TASK DESCRIPTION: Note each line of the entries that includes "rule". Then copy those lines.
━━━━━ DATA
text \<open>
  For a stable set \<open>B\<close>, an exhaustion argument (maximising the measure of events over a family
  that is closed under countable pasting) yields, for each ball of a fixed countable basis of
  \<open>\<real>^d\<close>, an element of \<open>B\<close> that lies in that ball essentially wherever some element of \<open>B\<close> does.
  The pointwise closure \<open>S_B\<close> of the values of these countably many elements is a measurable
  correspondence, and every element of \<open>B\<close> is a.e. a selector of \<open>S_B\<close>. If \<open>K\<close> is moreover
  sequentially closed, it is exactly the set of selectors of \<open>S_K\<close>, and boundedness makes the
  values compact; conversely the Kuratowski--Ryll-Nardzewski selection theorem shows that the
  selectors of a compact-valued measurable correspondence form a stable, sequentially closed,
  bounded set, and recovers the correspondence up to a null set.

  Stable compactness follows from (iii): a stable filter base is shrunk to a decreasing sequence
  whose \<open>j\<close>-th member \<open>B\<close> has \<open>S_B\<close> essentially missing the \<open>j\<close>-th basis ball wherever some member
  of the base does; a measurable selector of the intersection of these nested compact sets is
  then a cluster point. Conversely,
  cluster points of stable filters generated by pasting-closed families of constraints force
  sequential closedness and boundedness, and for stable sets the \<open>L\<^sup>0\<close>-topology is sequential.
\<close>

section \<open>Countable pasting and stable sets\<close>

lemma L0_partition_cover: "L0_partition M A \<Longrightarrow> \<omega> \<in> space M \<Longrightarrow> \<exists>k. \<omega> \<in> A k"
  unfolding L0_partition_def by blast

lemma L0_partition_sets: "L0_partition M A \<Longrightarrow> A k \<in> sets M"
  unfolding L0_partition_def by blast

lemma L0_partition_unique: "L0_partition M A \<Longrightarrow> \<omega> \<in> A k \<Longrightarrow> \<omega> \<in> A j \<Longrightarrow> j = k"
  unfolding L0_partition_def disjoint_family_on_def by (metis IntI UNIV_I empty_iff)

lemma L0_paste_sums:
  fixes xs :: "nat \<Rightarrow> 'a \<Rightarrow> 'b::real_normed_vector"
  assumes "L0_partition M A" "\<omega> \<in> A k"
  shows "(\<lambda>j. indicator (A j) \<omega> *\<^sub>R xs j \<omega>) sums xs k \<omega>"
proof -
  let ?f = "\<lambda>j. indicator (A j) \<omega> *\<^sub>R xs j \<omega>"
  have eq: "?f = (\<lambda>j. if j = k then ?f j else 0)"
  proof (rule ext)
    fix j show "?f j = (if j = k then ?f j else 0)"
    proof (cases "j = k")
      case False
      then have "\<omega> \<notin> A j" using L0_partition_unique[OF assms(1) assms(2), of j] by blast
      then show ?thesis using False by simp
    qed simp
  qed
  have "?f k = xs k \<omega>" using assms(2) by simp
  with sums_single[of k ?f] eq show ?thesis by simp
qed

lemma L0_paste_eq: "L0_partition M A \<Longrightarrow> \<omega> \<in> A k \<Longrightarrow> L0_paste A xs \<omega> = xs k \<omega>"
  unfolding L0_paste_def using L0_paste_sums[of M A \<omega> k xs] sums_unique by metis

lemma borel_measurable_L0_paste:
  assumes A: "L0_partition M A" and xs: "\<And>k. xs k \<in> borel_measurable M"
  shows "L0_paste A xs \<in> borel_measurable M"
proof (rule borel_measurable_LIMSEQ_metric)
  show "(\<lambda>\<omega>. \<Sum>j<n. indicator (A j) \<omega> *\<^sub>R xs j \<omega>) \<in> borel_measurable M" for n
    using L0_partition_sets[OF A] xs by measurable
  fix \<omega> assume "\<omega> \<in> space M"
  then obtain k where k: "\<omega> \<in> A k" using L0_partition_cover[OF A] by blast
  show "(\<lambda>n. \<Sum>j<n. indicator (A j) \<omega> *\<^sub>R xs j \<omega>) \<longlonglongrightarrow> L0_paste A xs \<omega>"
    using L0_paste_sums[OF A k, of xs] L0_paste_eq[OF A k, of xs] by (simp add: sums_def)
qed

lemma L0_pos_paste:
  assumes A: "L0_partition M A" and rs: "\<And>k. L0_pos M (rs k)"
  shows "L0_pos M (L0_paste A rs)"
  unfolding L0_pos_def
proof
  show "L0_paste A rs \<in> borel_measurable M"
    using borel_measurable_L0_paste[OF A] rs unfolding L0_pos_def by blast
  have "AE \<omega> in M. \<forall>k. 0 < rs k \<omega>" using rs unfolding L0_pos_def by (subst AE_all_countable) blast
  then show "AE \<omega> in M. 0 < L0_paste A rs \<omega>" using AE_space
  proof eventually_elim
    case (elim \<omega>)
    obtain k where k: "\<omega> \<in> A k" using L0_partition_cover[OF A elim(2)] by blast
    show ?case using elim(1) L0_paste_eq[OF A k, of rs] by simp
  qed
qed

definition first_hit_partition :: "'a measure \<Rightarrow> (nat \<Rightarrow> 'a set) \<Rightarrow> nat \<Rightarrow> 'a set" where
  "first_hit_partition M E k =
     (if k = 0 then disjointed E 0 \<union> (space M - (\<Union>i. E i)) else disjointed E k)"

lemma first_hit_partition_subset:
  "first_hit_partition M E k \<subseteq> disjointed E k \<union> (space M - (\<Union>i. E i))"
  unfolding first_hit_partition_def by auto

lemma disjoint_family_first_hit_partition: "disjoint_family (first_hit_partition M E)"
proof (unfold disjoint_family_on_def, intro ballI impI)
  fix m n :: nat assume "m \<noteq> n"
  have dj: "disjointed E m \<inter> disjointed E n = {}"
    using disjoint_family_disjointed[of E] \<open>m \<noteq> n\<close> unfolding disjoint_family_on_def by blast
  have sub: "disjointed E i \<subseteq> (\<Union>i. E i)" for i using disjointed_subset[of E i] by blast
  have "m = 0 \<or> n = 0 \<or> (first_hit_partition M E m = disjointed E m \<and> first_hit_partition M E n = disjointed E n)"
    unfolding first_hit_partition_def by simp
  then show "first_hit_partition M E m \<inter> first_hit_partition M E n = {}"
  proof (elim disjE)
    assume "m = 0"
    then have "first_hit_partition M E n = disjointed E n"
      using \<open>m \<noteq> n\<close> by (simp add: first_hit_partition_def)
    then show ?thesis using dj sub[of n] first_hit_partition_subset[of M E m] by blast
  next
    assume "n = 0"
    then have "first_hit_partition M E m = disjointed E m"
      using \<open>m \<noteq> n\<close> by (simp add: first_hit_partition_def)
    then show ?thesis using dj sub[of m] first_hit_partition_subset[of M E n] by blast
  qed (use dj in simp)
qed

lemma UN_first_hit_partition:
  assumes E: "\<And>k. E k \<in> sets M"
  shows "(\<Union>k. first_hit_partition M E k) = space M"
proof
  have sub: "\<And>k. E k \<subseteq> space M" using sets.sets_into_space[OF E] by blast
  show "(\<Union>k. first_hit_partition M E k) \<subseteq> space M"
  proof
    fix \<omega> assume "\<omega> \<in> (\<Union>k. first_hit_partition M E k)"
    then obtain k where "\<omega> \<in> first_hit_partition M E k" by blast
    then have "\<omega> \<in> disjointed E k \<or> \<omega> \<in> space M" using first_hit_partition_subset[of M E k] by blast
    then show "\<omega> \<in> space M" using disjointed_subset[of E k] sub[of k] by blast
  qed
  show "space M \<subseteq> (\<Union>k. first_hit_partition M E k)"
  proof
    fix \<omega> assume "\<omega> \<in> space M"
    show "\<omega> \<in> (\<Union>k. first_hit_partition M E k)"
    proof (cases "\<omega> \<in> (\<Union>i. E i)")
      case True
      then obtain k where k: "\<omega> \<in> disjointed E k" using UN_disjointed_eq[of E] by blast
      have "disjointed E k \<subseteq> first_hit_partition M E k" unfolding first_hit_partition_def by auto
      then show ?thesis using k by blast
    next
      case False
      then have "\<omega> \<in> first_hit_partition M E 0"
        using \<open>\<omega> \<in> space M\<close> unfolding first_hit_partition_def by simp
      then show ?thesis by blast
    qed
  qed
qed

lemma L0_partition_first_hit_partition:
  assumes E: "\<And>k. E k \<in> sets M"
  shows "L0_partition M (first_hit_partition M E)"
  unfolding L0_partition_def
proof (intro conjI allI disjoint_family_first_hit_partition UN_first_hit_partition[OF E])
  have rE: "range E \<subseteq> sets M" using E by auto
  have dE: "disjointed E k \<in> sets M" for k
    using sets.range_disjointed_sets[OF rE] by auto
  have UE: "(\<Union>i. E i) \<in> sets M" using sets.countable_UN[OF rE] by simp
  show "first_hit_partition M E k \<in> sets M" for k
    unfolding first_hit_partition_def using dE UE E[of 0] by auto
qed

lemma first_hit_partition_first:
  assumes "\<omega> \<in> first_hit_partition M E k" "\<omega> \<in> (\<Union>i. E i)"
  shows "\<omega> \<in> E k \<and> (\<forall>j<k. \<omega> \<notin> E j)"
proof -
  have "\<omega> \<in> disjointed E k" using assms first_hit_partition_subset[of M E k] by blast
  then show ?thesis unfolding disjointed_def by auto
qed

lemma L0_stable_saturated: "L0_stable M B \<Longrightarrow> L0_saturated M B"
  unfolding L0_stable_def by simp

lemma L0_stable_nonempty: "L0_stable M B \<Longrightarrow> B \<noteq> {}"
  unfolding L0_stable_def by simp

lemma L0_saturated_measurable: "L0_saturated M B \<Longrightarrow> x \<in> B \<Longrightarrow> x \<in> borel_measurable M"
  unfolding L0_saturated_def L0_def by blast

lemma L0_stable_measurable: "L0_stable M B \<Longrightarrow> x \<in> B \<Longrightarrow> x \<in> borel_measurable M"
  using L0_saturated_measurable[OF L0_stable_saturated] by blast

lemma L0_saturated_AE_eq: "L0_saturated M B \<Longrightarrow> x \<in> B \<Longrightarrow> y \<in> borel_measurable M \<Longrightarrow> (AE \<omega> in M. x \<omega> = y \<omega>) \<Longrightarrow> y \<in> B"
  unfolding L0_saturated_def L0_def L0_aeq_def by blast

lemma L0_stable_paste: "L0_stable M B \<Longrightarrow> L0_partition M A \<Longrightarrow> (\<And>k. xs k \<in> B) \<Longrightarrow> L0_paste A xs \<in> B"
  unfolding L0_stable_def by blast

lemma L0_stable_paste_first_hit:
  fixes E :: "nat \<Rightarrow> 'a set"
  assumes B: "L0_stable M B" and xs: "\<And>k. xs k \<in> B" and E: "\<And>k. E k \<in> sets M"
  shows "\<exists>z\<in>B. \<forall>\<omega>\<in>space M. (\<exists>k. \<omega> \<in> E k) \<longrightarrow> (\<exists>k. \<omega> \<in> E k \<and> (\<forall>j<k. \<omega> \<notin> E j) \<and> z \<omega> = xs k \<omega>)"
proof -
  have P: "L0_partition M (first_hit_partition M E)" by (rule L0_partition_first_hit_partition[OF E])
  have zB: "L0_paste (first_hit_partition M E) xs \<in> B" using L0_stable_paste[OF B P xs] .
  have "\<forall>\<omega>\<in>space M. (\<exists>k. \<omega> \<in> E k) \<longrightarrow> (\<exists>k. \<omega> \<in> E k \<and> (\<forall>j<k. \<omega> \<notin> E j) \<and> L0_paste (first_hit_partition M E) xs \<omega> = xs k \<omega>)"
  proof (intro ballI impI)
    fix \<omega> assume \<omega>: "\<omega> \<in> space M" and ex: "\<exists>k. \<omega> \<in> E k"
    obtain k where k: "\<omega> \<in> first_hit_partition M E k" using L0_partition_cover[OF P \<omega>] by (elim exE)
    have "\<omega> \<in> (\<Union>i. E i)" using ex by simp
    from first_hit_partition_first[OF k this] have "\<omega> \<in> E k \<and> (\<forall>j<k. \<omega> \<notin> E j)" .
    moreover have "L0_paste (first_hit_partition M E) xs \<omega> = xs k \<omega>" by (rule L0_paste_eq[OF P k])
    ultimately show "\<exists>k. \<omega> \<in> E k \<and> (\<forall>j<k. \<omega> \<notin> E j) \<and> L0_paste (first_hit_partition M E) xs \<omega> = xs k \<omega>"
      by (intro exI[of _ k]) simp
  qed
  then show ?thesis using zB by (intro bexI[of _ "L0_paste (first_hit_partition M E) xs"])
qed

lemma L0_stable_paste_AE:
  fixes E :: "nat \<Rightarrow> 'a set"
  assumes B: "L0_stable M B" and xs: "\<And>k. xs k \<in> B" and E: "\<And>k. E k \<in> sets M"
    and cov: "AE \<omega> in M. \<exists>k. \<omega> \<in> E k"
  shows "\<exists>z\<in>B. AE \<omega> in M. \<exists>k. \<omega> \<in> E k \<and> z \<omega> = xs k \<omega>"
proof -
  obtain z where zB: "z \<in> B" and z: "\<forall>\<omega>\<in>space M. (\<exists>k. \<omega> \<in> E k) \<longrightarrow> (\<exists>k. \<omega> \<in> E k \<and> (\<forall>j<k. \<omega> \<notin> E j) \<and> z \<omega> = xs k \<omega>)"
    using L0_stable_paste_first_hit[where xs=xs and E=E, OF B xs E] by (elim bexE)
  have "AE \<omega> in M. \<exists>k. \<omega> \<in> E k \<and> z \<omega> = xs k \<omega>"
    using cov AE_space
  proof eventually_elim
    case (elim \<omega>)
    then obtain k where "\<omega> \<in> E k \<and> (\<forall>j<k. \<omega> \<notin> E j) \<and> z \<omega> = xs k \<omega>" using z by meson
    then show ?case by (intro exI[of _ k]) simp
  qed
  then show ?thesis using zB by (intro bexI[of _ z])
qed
━━━━━━━━━━
EXERCISE RESULT:
  proof (rule ext)
proof (rule borel_measurable_LIMSEQ_metric)
  have P: "L0_partition M (first_hit_partition M E)" by (rule L0_partition_first_hit_partition[OF E])
    moreover have "L0_paste (first_hit_partition M E) xs \<omega> = xs k \<omega>" by (rule L0_paste_eq[OF P k])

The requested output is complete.